In this same sense, the wording of the mentioned constitutional reform may give rise to the interpretation that, not only is the MPD applicable to those conducts or omissions that are formally typified as smuggling, but also to similar cases that are provided by article 105 of the CFF as punishable with the same penalties of smuggling such as:

  • To sell, acquire, or possess foreign goods without documentation proving their legal presence in the country, without prior authorization from the competent authority, or when their importation is prohibited.
  • To import vehicles intended to remain in the border strip or region, or to temporarily bring them into the rest of the country, without having residency in that region, without fulfilling the corresponding requirements, or allowing unauthorized third parties to use them.
  • To fail to return to a foreign country goods that should have remained in the same condition, or to use goods subject to export programs for a different purpose than the one for which they were imported.
  • To remove alcoholic beverages, tax seals, or attached security labels from customs, bonded warehouses, or fiscal or customs facilities.
  • To falsely certify origin in order to import goods under preferential tariff treatment into a country with which an international treaty or agreement exists, and where such treaty provides for sanctions and reciprocity.
  • To introduce goods into another country from national territory while omitting full or partial payment of the applicable foreign trade taxes in that country.
  • To indicate on the customs declaration the name, business name, or Federal Taxpayer Registry (RFC) code of a person who did not request the foreign trade operation, or to use false data; to indicate a tax address that does not belong to the importer; to list a foreign address where the supplier cannot be located; or to transmit information related to the value and commercialization of goods based on a false invoice.
  • To present false or altered documents to customs authorities.
  • To transmit to the electronic system information different from that declared in the customs form or invoice, or to attempt to prove the legal presence of foreign trade goods with documents containing information different from that submitted electronically.
  • To fail to declare upon entry or exit from the country the carrying of amounts in cash, in national or foreign checks, payment orders, or any other collectible documents—or combinations thereof—that exceed thirty thousand U.S. dollars.

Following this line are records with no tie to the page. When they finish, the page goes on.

lemma dir_deriv_le_norm: "dir_deriv f x d \<le> (2 * (M - a) / \<rho>) * norm d"
proof (cases "d = 0")
  case True
  then show ?thesis
    using sublinear_zero[OF sublinear_dir_deriv] by simp
next
  case False
  define t where "t = \<rho> / (2 * norm d)"
  have t: "0 < t" "norm (t *\<^sub>R d) = \<rho> / 2"
    using \<rho> False by (simp_all add: t_def)
  then have "f (x + t *\<^sub>R d) \<le> ereal M"
    using M \<rho> by (simp add: dist_norm)
  then have "dir_deriv f x d \<le> (M - a) / t"
    by (rule dir_deriv_le[OF t(1)])
  also have "\<dots> = (2 * (M - a) / \<rho>) * norm d"
    using \<rho> False by (simp add: t_def field_simps)
  finally show ?thesis .
qed

lemma subdiff_nonempty_if_bounded_above:
  assumes pr: "proper_fun f"
  shows "\<exists>w. w \<in> subdiff f x"
proof -
  obtain w where w: "\<And>d. blinfun_apply w d \<le> dir_deriv f x d"
    using hahn_banach_blinfun[OF sublinear_dir_deriv dir_deriv_le_norm] by blast
  have "w \<in> subdiff f x"
  proof (rule subdiffI[of f x a, OF fx])
    fix y
    show "ereal (a + blinfun_apply w (y - x)) \<le> f y"
    proof (cases "f y")
      case (real b)
      then have "dir_deriv f x (y - x) \<le> (b - a) / 1"
        by (intro dir_deriv_le) simp_all
      with w[of "y - x"] real show ?thesis by simp
    next
      case MInf
      with proper_fun_neq_minf[OF pr] show ?thesis by simp
    qed simp
  qed
  then show ?thesis by blast
qed

end

lemma interior_edom_subdiff_nonempty:
  fixes f :: "'a::banach \<Rightarrow> ereal"
  assumes "proper_fun f" "convex_fun f" "lsc_fun f" "x \<in> interior (edom f)"
  shows "\<exists>w. w \<in> subdiff f x"
proof -
  obtain \<rho> M where "0 < \<rho>" "\<forall>y\<in>ball x \<rho>. f y \<le> ereal M"
    using convex_fun_locally_bounded_above[OF assms] by blast
  moreover obtain a where "f x = ereal a"
    using assms(4) interior_subset proper_fun_edomE[OF assms(1)] by blast
  ultimately show ?thesis
    using subdiff_nonempty_if_bounded_above[OF assms(2)] assms(1) by blast
qed

section \<open>The conjugate and the subdifferential\<close>

lemma LIMSEQ_le_inverse_Suc:
  fixes X :: "nat \<Rightarrow> real"
  assumes "\<And>n. 0 \<le> X n" "\<And>n. X n \<le> 1 / real (Suc n)"
  shows "X \<longlonglongrightarrow> 0"
proof (rule tendsto_sandwich[of "\<lambda>n. 0" _ _ "\<lambda>n. 1 / real (Suc n)"])
  show "(\<lambda>n. 1 / real (Suc n)) \<longlonglongrightarrow> 0"
    using LIMSEQ_inverse_real_of_nat by (simp add: inverse_eq_divide)
qed (use assms in auto)

lemma fconj_ge: "ereal (blinfun_apply v x) - f x \<le> fconj f v"
  unfolding fconj_def by (rule SUP_upper) simp

lemma fconj_ge_real: "f x = ereal a \<Longrightarrow> ereal (blinfun_apply v x - a) \<le> fconj f v"
  using fconj_ge[of v x f] by simp

lemma fconj_le: "(\<And>x. ereal (blinfun_apply v x) - f x \<le> c) \<Longrightarrow> fconj f v \<le> c"
  unfolding fconj_def by (rule SUP_least)

lemma fconj_real_imp_neq_minf: "fconj f v = ereal F \<Longrightarrow> f x \<noteq> -\<infinity>"
  using fconj_ge[of v x f] by auto

lemma subdiffI_fenchel_young:
  assumes F: "fconj f v = ereal F" and a: "f z = ereal a" and eq: "a + F \<le> blinfun_apply v z"
  shows "v \<in> subdiff f z"
proof (rule subdiffI[of f z a, OF a])
  fix y
  show "ereal (a + blinfun_apply v (y - z)) \<le> f y"
  proof (cases "f y")
    case (real b)
    then have "blinfun_apply v y - b \<le> F"
      using fconj_ge_real[of f y b v] F by simp
    with real eq show ?thesis
      by (simp add: blinfun.diff_right)
  qed (use fconj_real_imp_neq_minf[OF F, of y] in auto)
qed

lemma fconj_maximizing_sequence:
  assumes F: "fconj f v = ereal F"
  obtains Y fy where "\<And>n. f (Y n) = ereal (fy n)"
    "\<And>n. 0 \<le> F - (blinfun_apply v (Y n) - fy n)"
    "\<And>n. F - (blinfun_apply v (Y n) - fy n) \<le> 1 / real (Suc n)"
proof -
  have "\<exists>y. ereal (F - 1 / real (Suc n)) < ereal (blinfun_apply v y) - f y" for n
  proof -
    have "ereal (F - 1 / real (Suc n)) < fconj f v"
      using F by simp
    then show ?thesis
      unfolding fconj_def by (simp add: less_SUP_iff)
  qed
  then obtain Y where Y: "\<And>n. ereal (F - 1 / real (Suc n)) < ereal (blinfun_apply v (Y n)) - f (Y n)"
    by metis
  define fy where "fy n = real_of_ereal (f (Y n))" for n
  have fy: "f (Y n) = ereal (fy n)" for n
    using Y[of n] fconj_real_imp_neq_minf[OF F, of "Y n"] unfolding fy_def
    by (cases "f (Y n)") auto
  show ?thesis
  proof (rule that[OF fy])
    show "0 \<le> F - (blinfun_apply v (Y n) - fy n)" for n
      using fconj_ge_real[of f "Y n" "fy n" v, OF fy[of n]] F by simp
    show "F - (blinfun_apply v (Y n) - fy n) \<le> 1 / real (Suc n)" for n
      using Y[of n] fy[of n] by simp
  qed
qed

lemma conj_frechet_deriv_fconj_real:
  assumes "conj_frechet_deriv f u z"
  obtains F where "fconj f u = ereal F"
proof -
  have "fconj f u \<noteq> \<infinity> \<and> fconj f u \<noteq> -\<infinity>"
    using assms unfolding conj_frechet_deriv_def by (auto dest: eventually_nhds_x_imp_x)
  with that show ?thesis by (cases "fconj f u") auto
qed

text \<open>Smulian's estimate: testing the differentiability of \<open>f*\<close> at \<open>u\<close> in the direction of
  a norming functional of \<open>y - z\<close> bounds \<open>norm (y - z)\<close> by the Fenchel--Young gap at \<open>(y, u)\<close>.\<close>

lemma smulian_estimate:
  fixes f :: "'a::real_normed_vector \<Rightarrow> ereal"
  assumes D: "conj_frechet_deriv f u z" and \<epsilon>: "0 < \<epsilon>"
  obtains \<rho> where "0 < \<rho>" "\<And>y b. f y = ereal b \<Longrightarrow>
    norm (y - z) \<le> (real_of_ereal (fconj f u) - (blinfun_apply u y - b)) / \<rho> + \<epsilon>"
proof -
  define F where "F w = real_of_ereal (fconj f w)" for w
  have "\<forall>\<^sub>F w in nhds u. fconj f w \<noteq> \<infinity> \<and> fconj f w \<noteq> -\<infinity>"
    and der: "(F has_derivative (\<lambda>h. blinfun_apply h z)) (at u)"
    using D unfolding conj_frechet_deriv_def F_def by auto
  then obtain d1 where d1: "0 < d1" "\<And>w. dist w u < d1 \<Longrightarrow> fconj f w = ereal (F w)"
    unfolding eventually_nhds_metric F_def by (metis real_of_ereal.elims)
  obtain d where d: "0 < d" "\<And>w. norm (w - u) < d \<Longrightarrow>
      norm (F w - F u - blinfun_apply (w - u) z) \<le> \<epsilon> * norm (w - u)"
    using der \<epsilon> unfolding has_derivative_at_alt by blast
  define \<rho> where "\<rho> = min d d1 / 2"
  have \<rho>: "0 < \<rho>" "\<rho> < d" "\<rho> < d1"
    using d d1 by (auto simp: \<rho>_def)
  have "norm (y - z) \<le> (F u - (blinfun_apply u y - b)) / \<rho> + \<epsilon>" if fy: "f y = ereal b" for y b
  proof -
    obtain h :: "'a \<Rightarrow>\<^sub>L real" where h: "norm h \<le> 1" "blinfun_apply h (y - z) = norm (y - z)"
      using norming_functional by blast
    define w where "w = u + \<rho> *\<^sub>R h"
    have nw: "norm (w - u) \<le> \<rho>"
      using h(1) \<rho> by (simp add: w_def mult_left_le_one_le)
    then have "blinfun_apply w y - b \<le> F w"
      using fconj_ge_real[of f y b w, OF fy] d1(2)[of w] \<rho> by (simp add: dist_norm)
    moreover have "F w - F u - blinfun_apply (w - u) z \<le> \<epsilon> * \<rho>"
      using d(2)[of w] nw \<rho> \<epsilon> mult_left_mono[OF nw, of \<epsilon>] by (smt (verit) real_norm_def)
    ultimately have "\<rho> * blinfun_apply h (y - z) \<le> F u - (blinfun_apply u y - b) + \<epsilon> * \<rho>"
      by (simp add: w_def blinfun.add_left blinfun.scaleR_left blinfun.diff_right algebra_simps)
    with h(2) \<rho> show ?thesis
      by (simp add: field_simps)
  qed
  with \<rho>(1) that show ?thesis
    unfolding F_def by blast
qed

Finally, it must be taken into consideration that, in the matter of crimes subject to the applicability of the MPD, the text of article 19 itself establishes that the interpretation regarding the cases that merit it must be literal, without it being valid to consider another type of analogous or extensive interpretation on which the terms of the MPD can be suspended, modified or rendered nugatory.

As can be seen from the above, the number of grounds for a possible determination of the commission of the crime of smuggling that could be subject to a potential MPD is extremely relevant. Therefore, people who carry out the introduction of foreign trade goods into the country must pay special attention to the situations that could result in the same, even when the corresponding faults or omissions are of a merely administrative nature.